You are vastly overstating the certainty of your position. Many physicists, including Penrose (even if ignoring his consciousness arguments) are deeply unsatisfied with the standard model and believe that it is incomplete. Despite understanding how useful it can be.

It is very unlikely that it can tell you “everything you need to know” or even everything that could possibly be useful.

Even if that were the case we have no way of knowing that or even supporting that with our current understanding. That takes that statement thoroughly outside of the realm of science and into philosophy.

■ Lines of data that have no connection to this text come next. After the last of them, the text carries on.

lemma local_surjectivity:
  assumes x: "x \<in> X" and ball: "cball x \<rho> \<subseteq> cball x0 r" and y: "y \<in> Y"
    and close: "norm (y - F x) \<le> (\<kappa> - \<epsilon>) * \<rho>"
  shows "\<exists>z\<in>X \<inter> cball x \<rho>. F z = y \<and> (\<kappa> - \<epsilon>) * norm (z - x) \<le> norm (y - F x)"
proof -
  have "\<exists>z\<in>X \<inter> cball x \<rho>. F z = y \<and> (\<kappa> * (1 - 0) - \<epsilon>) * norm (z - x) \<le> norm (y - F x)"
  proof (rule lyusternik_graves_iteration[where YS = Y and L = L])
    show "continuous_on (X \<inter> cball x \<rho>) F"
      using continuous_F by (rule continuous_on_subset) blast
    show "\<forall>z\<in>Y. \<exists>u\<in>X. \<kappa> * norm u \<le> norm z \<and> norm (z - L u) \<le> 0 * norm z"
      using L_open unfolding open_at_rate_def by auto
    show "\<forall>v\<in>X \<inter> cball x \<rho>. \<forall>w\<in>X \<inter> cball x \<rho>. norm (F v - F w - L (v - w)) \<le> \<epsilon> * norm (v - w)"
      using linearization ball by blast
  qed (use subspace_X closed_X subspace_Y F_into eps_nonneg eps_less x y close in auto)
  then show ?thesis
    by simp
qed

lemma zero_near_center:
  assumes "norm (F x0) \<le> (\<kappa> - \<epsilon>) * r"
  shows "\<exists>xb\<in>X. F xb = 0 \<and> (\<kappa> - \<epsilon>) * norm (xb - x0) \<le> norm (F x0)"
  using local_surjectivity[OF center order_refl subspace_0[OF subspace_Y]] assms by auto

lemma metric_reg_near_center:
  assumes xb: "xb \<in> X" "norm (xb - x0) \<le> r / 4"
  shows "metric_reg_with X Y F xb (\<kappa> - \<epsilon>)"
  unfolding metric_reg_with_def
proof (intro conjI exI[of _ "r / 4"] allI impI subsetI)
  fix \<rho> x y
  assume x: "0 < \<rho> \<and> \<rho> \<le> r / 4 \<and> x \<in> X \<inter> cball xb (r / 4)"
    and y: "y \<in> Y \<inter> cball (F x) ((\<kappa> - \<epsilon>) * \<rho>) \<inter> cball (F xb) (r / 4)"
  have "norm (x - x0) \<le> norm (x - xb) + norm (xb - x0)"
    using norm_triangle_ineq[of "x - xb" "xb - x0"] by simp
  then have "cball x \<rho> \<subseteq> cball x0 r"
    using x xb by (intro cball_subset_cball_triangle) (auto simp: dist_norm norm_minus_commute)
  then show "y \<in> F ` (X \<inter> cball x \<rho>)"
    using local_surjectivity[of x \<rho> y] x y by (force simp: dist_norm norm_minus_commute)
qed (use r_pos eps_less in auto)

lemma inj_on_center_ball:
  assumes lower: "\<forall>w\<in>X. \<kappa> * norm w \<le> norm (L w)"
  shows "inj_on F (X \<inter> cball x0 r)"
proof (rule inj_onI)
  fix x z assume x: "x \<in> X \<inter> cball x0 r" and z: "z \<in> X \<inter> cball x0 r" and "F x = F z"
  then have "\<kappa> * norm (x - z) \<le> \<epsilon> * norm (x - z)"
    using bspec[OF lower, of "x - z"] linearization[OF x z] subspace_diff[OF subspace_X] by force
  then have "(\<kappa> - \<epsilon>) * norm (x - z) \<le> 0"
    by (simp add: left_diff_distrib)
  then show "x = z"
    using eps_less by (simp add: mult_le_0_iff)
qed

lemma strongly_metrically_regular_near_center:
  assumes lower: "\<forall>w\<in>X. \<kappa> * norm w \<le> norm (L w)"
    and xb: "xb \<in> X" "norm (xb - x0) \<le> r / 4"
  shows "strongly_metrically_regular_on X Y F xb"
  unfolding strongly_metrically_regular_on_def metrically_regular_on_def
proof (intro conjI exI[of _ "\<kappa> - \<epsilon>"] exI[of _ "ball xb (r / 4)"]
    exI[of _ "ball (F xb) ((\<kappa> - \<epsilon>) * (r / 4))"] ballI)
  show "metric_reg_with X Y F xb (\<kappa> - \<epsilon>)"
    using metric_reg_near_center[OF xb] .
  have near: "cball xb (r / 4) \<subseteq> cball x0 r"
    using xb r_pos by (intro cball_subset_cball_triangle) (simp add: dist_norm norm_minus_commute)
  fix y assume y: "y \<in> Y \<inter> ball (F xb) ((\<kappa> - \<epsilon>) * (r / 4))"
  define \<rho> where "\<rho> = norm (y - F xb) / (\<kappa> - \<epsilon>)"
  have \<rho>: "\<rho> < r / 4" "norm (y - F xb) \<le> (\<kappa> - \<epsilon>) * \<rho>"
    using y eps_less by (auto simp: \<rho>_def dist_norm norm_minus_commute field_simps)
  then have "cball xb \<rho> \<subseteq> cball x0 r"
    using near subset_cball[of \<rho> "r / 4"] by auto
  then obtain x where x: "x \<in> X \<inter> cball xb \<rho>" "F x = y"
    using local_surjectivity[OF xb(1) _ _ \<rho>(2)] y by blast
  then have "x \<in> X \<inter> ball xb (r / 4)"
    using \<rho>(1) by auto
  moreover have "X \<inter> ball xb (r / 4) \<subseteq> X \<inter> cball x0 r"
    using near ball_subset_cball by blast
  ultimately show "\<exists>!x. x \<in> X \<inter> ball xb (r / 4) \<and> F x = y"
    using inj_on_center_ball lower x(2) by (metis inj_onD subsetD)
qed (use r_pos eps_less in auto)

lemma unique_zero_near_center:
  assumes lower: "\<forall>w\<in>X. \<kappa> * norm w \<le> norm (L w)"
    and xb: "xb \<in> X" "F xb = 0" "norm (xb - x0) \<le> r / 4" and xbar: "norm (xbar - x0) \<le> r / 4"
  shows "strongly_metrically_regular_on X Y F xb \<and> (\<forall>x\<in>cball xbar (r / 4) \<inter> X. F x = 0 \<longrightarrow> x = xb)"
proof (intro conjI ballI impI)
  show "strongly_metrically_regular_on X Y F xb"
    using strongly_metrically_regular_near_center lower xb by blast
  fix x assume x: "x \<in> cball xbar (r / 4) \<inter> X" "F x = 0"
  have "norm (x - x0) \<le> norm (x - xbar) + norm (xbar - x0)"
    using norm_triangle_ineq[of "x - xbar" "xbar - x0"] by simp
  then have "x \<in> X \<inter> cball x0 r" "xb \<in> X \<inter> cball x0 r"
    using x xb xbar r_pos by (auto simp: dist_norm norm_minus_commute)
  then show "x = xb"
    using inj_on_center_ball lower x(2) xb(2) by (metis inj_onD)
qed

>Unless there is a black hole or temperatures on par with the big bang going on within our brain, the standard model will tell you what you need to know

Do you think that if it were that simple, that a world renowned physicist would capable of doing the back of the envelope math?

Also do you think that if it were that simple that this world renowned physicist could consistently convince other world renowned physicists to engage with him beyond simple 1 paragraph rebuttals? To the point where they will write entire chapters in books published by him?

You may not find his argument convincing, but his arguments aren’t dismissed as crank science outside of edgy internet posts.